> [Dataset content]
(* Let $Q\subset\mathbb{R}^n$ and $Q'\subset\mathbb{R}^m$ be the polytopes associated with smooth toric Fano manifolds $V_1$ and $V_2$. Let $P=\mathrm{Conv}(Q,Q')\subset\mathbb{R}^{n+m}$ be the convex hull of $(Q\times\{0\})\cup(\{0\}\times Q')$, which is the polytope associated with $V_1\times V_2$. Then all critical points of $W_P$ in $(\mathbb{C}^* )^{n+m}$ are non-degenerate if and only if all critical points of $W_Q$ in $(\mathbb{C}^* )^n$ and all critical points of $W_{Q'}$ in $(\mathbb{C}^* )^m$ are non-degenerate.
   Context: The polytope associated with a smooth toric Fano manifold is the polar dual of its moment polytope. It is a lattice polytope with vertices in $\mathbb{Z}^n$ and the origin in its interior. For a lattice polytope $R\subset\mathbb{R}^n$, the superpotential is the Laurent polynomial $W_R(x)=\sum_{v\in\mathrm{vert}(R)}x^v$, where $x^v=x_1^{v_1}\cdots x_n^{v_n}$, defined on $(\mathbb{C}^* )^n$. A critical point of $W_R$ is a point of $(\mathbb{C}^* )^n$ where all partial derivatives $\partial W_R/\partial x_k$ vanish. It is non-degenerate if the Hessian matrix $(\partial^2W_R/\partial x_j\partial x_k)$ is invertible there. *)

theory Defs
  imports "HOL-Analysis.Analysis"
begin

definition lat :: "int^'n \<Rightarrow> real^'n" where
  "lat k = (\<chi> i. of_int (k $ i))"

text \<open>Polytope associated with a smooth toric Fano manifold (smooth Fano polytope):
  a polytope with lattice vertices, the origin in its interior, and such that the
  vertices of every facet form a Z-basis of Z^n.\<close>
definition smooth_fano_polytope :: "(real^'n) set \<Rightarrow> bool" where
  "smooth_fano_polytope P \<longleftrightarrow>
     polytope P \<and> 0 \<in> interior P \<and>
     (\<forall>v. v extreme_point_of P \<longrightarrow> v \<in> range lat) \<and>
     (\<forall>F. F facet_of P \<longrightarrow>
        (\<exists>b :: 'n \<Rightarrow> int^'n. bij_betw (\<lambda>i. lat (b i)) UNIV {v. v extreme_point_of F}
                              \<and> \<bar>det (\<chi> i. b i)\<bar> = 1))"

text \<open>Conv(Q,Q'): convex hull of (Q x {0}) \<union> ({0} x Q') in R^(n+m), coordinates indexed by 'n + 'm.\<close>
definition inl_vec :: "real^'n::finite \<Rightarrow> real^('n::finite + 'm::finite)" where
  "inl_vec x = (\<chi> i. case i of Inl a \<Rightarrow> x $ a | Inr _ \<Rightarrow> 0)"

definition inr_vec :: "real^'m::finite \<Rightarrow> real^('n::finite + 'm::finite)" where
  "inr_vec y = (\<chi> i. case i of Inl _ \<Rightarrow> 0 | Inr b \<Rightarrow> y $ b)"

definition conv_join :: "(real^'n) set \<Rightarrow> (real^'m) set \<Rightarrow> (real^('n + 'm)) set" where
  "conv_join Q Q' = convex hull (inl_vec ` Q \<union> inr_vec ` Q')"

definition superpotential :: "(real^'n) set \<Rightarrow> complex^'n \<Rightarrow> complex" where
  "superpotential R x = (\<Sum>k \<in> {k. lat k extreme_point_of R}. \<Prod>i\<in>UNIV. (x $ i) powi (k $ i))"

definition torus :: "(complex^'n) set" where
  "torus = {x. \<forall>i. x $ i \<noteq> 0}"

definition partial :: "'n \<Rightarrow> (complex^'n \<Rightarrow> complex) \<Rightarrow> complex^'n \<Rightarrow> complex" where
  "partial j f x = deriv (\<lambda>t. f (\<chi> i. if i = j then t else x $ i)) (x $ j)"

definition critical_point :: "(complex^'n \<Rightarrow> complex) \<Rightarrow> complex^'n \<Rightarrow> bool" where
  "critical_point f x \<longleftrightarrow> x \<in> torus \<and> (\<forall>j. partial j f x = 0)"

definition hessian :: "(complex^'n \<Rightarrow> complex) \<Rightarrow> complex^'n \<Rightarrow> complex^'n^'n" where
  "hessian f x = (\<chi> j k. partial j (partial k f) x)"

definition nondegenerate_critical_point :: "(complex^'n \<Rightarrow> complex) \<Rightarrow> complex^'n \<Rightarrow> bool" where
  "nondegenerate_critical_point f x \<longleftrightarrow> critical_point f x \<and> invertible (hessian f x)"

end

theory Submission
  imports Defs
begin

text \<open>
  Write points of R^(n+m) and of the torus (C^*)^(n+m) as pairs (y, z).
  (1) Convex geometry: since Q and Q' are convex with the origin in their interiors, the
      vertices of P = Conv(Q, Q') are exactly the vertices of Q placed in the first block
      together with the vertices of Q' placed in the second block.
  (2) Hence the superpotential splits as a function of separated variables:
      W_P(y, z) = W_Q(y) + W_Q'(z).
  (3) Calculus: for a function G(y) + H(z), critical points are pairs of critical points, and
      the Hessian is block diagonal, so it is invertible iff both blocks are.
  (4) To deduce nondegeneracy for Q from that for P one pads a critical point of W_Q with some
      critical point of W_Q'. Such critical points exist: on the real slice x = exp(u) the
      superpotential is a sum of exponentials which is coercive because 0 is interior, so it
      has a minimiser, and the minimiser is a critical point.
\<close>

definition vleft :: "'a^('n::finite + 'm::finite) \<Rightarrow> 'a^'n" where
  "vleft x = (\<chi> a. x $ Inl a)"

definition vright :: "'a^('n::finite + 'm::finite) \<Rightarrow> 'a^'m" where
  "vright x = (\<chi> b. x $ Inr b)"

definition vjoin :: "'a^'n::finite \<Rightarrow> 'a^'m::finite \<Rightarrow> 'a^('n + 'm)" where
  "vjoin y z = (\<chi> i. case i of Inl a \<Rightarrow> y $ a | Inr b \<Rightarrow> z $ b)"

lemma vjoin_nth [simp]: "vjoin y z $ Inl a = y $ a" "vjoin y z $ Inr b = z $ b"
  by (simp_all add: vjoin_def)

lemma vleft_vjoin [simp]: "vleft (vjoin y z) = y"
  and vright_vjoin [simp]: "vright (vjoin y z) = z"
  by (simp_all add: vleft_def vright_def vec_eq_iff)

lemma vjoin_vleft_vright [simp]: "vjoin (vleft x) (vright x) = x"
  by (auto simp: vleft_def vright_def vjoin_def vec_eq_iff split: sum.split)

lemma vjoin_eq_iff: "vjoin y z = vjoin y' z' \<longleftrightarrow> y = y' \<and> z = z'"
  by (metis vleft_vjoin vright_vjoin)

lemma vjoin_zero [simp]: "vjoin 0 0 = 0"
  by (auto simp: vec_eq_iff vjoin_def split: sum.split)

lemma inl_vec_eq_vjoin: "inl_vec x = vjoin x 0"
  and inr_vec_eq_vjoin: "inr_vec y = vjoin 0 y"
  by (auto simp: inl_vec_def inr_vec_def vjoin_def vec_eq_iff split: sum.split)

definition sep_sum :: "('a^'n::finite \<Rightarrow> 'a::plus) \<Rightarrow> ('a^'m::finite \<Rightarrow> 'a) \<Rightarrow> 'a^('n + 'm) \<Rightarrow> 'a" where
  "sep_sum G H x = G (vleft x) + H (vright x)"

lemma linear_vleft: "linear (vleft :: real^('n::finite + 'm::finite) \<Rightarrow> real^'n)"
  and linear_vright: "linear (vright :: real^('n::finite + 'm::finite) \<Rightarrow> real^'m)"
  by (auto intro!: linearI simp: vleft_def vright_def vec_eq_iff)

lemma linear_inl_vec: "linear (inl_vec :: real^'n::finite \<Rightarrow> real^('n + 'm::finite))"
  and linear_inr_vec: "linear (inr_vec :: real^'m::finite \<Rightarrow> real^('n::finite + 'm))"
  by (auto intro!: linearI simp: inl_vec_eq_vjoin inr_vec_eq_vjoin vec_eq_iff vjoin_def
      split: sum.split)

text \<open>The locale captures the situation of a direct sum: L embeds
  the first summand, R the second, and pL is the projection onto the first summand that kills
  the image of R. It is interpreted twice below, once with the roles of the summands swapped.\<close>
locale summand_projection =
  fixes L :: "'a::euclidean_space \<Rightarrow> 'c::euclidean_space"
    and R :: "'b::euclidean_space \<Rightarrow> 'c"
    and pL :: "'c \<Rightarrow> 'a"
  assumes linear_L: "linear L" and linear_R: "linear R" and linear_pL: "linear pL"
    and pL_L [simp]: "pL (L x) = x" and pL_R [simp]: "pL (R y) = 0"
begin

lemma join_hull_elem:
  assumes "convex Q" "convex Q'" "0 \<in> Q" "0 \<in> Q'" "x \<in> convex hull (L ` Q \<union> R ` Q')"
  obtains u s t where "0 \<le> u" "u \<le> 1" "s \<in> Q" "t \<in> Q'"
    "x = u *\<^sub>R L s + (1 - u) *\<^sub>R R t"
proof -
  have "convex hull (L ` Q \<union> R ` Q') = {u *\<^sub>R s + v *\<^sub>R t | u v s t.
      u \<ge> 0 \<and> v \<ge> 0 \<and> u + v = 1 \<and> s \<in> L ` Q \<and> t \<in> R ` Q'}"
    using assms(1-4) linear_L linear_R by (intro convex_hull_union_two) (auto intro: convex_linear_image)
  then obtain u v s t where "u \<ge> 0" "v \<ge> 0" "u + v = 1" "s \<in> Q" "t \<in> Q'"
      "x = u *\<^sub>R L s + v *\<^sub>R R t"
    using assms(5) by blast
  then show ?thesis using that[of u s t] by (simp add: eq_diff_eq')
qed

lemma pL_combination [simp]: "pL (u *\<^sub>R L s + v *\<^sub>R R t) = u *\<^sub>R s"
  using linear_pL by (simp add: linear_add linear_scale)

lemma pL_join_hull:
  assumes "convex Q" "convex Q'" "0 \<in> Q" "0 \<in> Q'" "x \<in> convex hull (L ` Q \<union> R ` Q')"
  shows "pL x \<in> Q"
proof -
  obtain u s t where u: "0 \<le> u" "u \<le> 1" and "s \<in> Q"
    and x: "x = u *\<^sub>R L s + (1 - u) *\<^sub>R R t"
    using join_hull_elem[OF assms] .
  have "u *\<^sub>R s + (1 - u) *\<^sub>R 0 \<in> Q"
    using convexD[OF assms(1) \<open>s \<in> Q\<close> assms(3), of u "1 - u"] u by simp
  then show ?thesis using x by simp
qed

text \<open>Over a nonzero extreme point q of Q the join contains only L q: any other point would exhibit
  q as an interior point of the segment from 0 to a point of Q.\<close>
lemma join_hull_fiber:
  assumes "convex Q" "convex Q'" "0 \<in> Q" "0 \<in> Q'" "x \<in> convex hull (L ` Q \<union> R ` Q')"
    and q: "q extreme_point_of Q" "q \<noteq> 0" and "pL x = q"
  shows "x = L q"
proof -
  obtain u s t where u: "0 \<le> u" "u \<le> 1" and s: "s \<in> Q"
    and x: "x = u *\<^sub>R L s + (1 - u) *\<^sub>R R t"
    using join_hull_elem[OF assms(1-5)] .
  have us: "u *\<^sub>R s = q" using x \<open>pL x = q\<close> by simp
  have "u = 1"
  proof (rule ccontr)
    assume "u \<noteq> 1"
    moreover have "u \<noteq> 0" "s \<noteq> 0" using us q(2) by auto
    ultimately have "q \<in> open_segment 0 s"
      using u us unfolding in_segment by (intro conjI exI[of _ u]) auto
    then show False using q(1) s assms(3) by (auto simp: extreme_point_of_def)
  qed
  then show ?thesis using x us by simp
qed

> [What is needed]
Only the lines from the one holding "using u us unfolding" to the end of the material are wanted, each transcribed exactly.

> [Answer to this task]
      using u us unfolding in_segment by (intro conjI exI[of _ u]) auto
    then show False using q(1) s assms(3) by (auto simp: extreme_point_of_def)
  qed
  then show ?thesis using x us by simp
qed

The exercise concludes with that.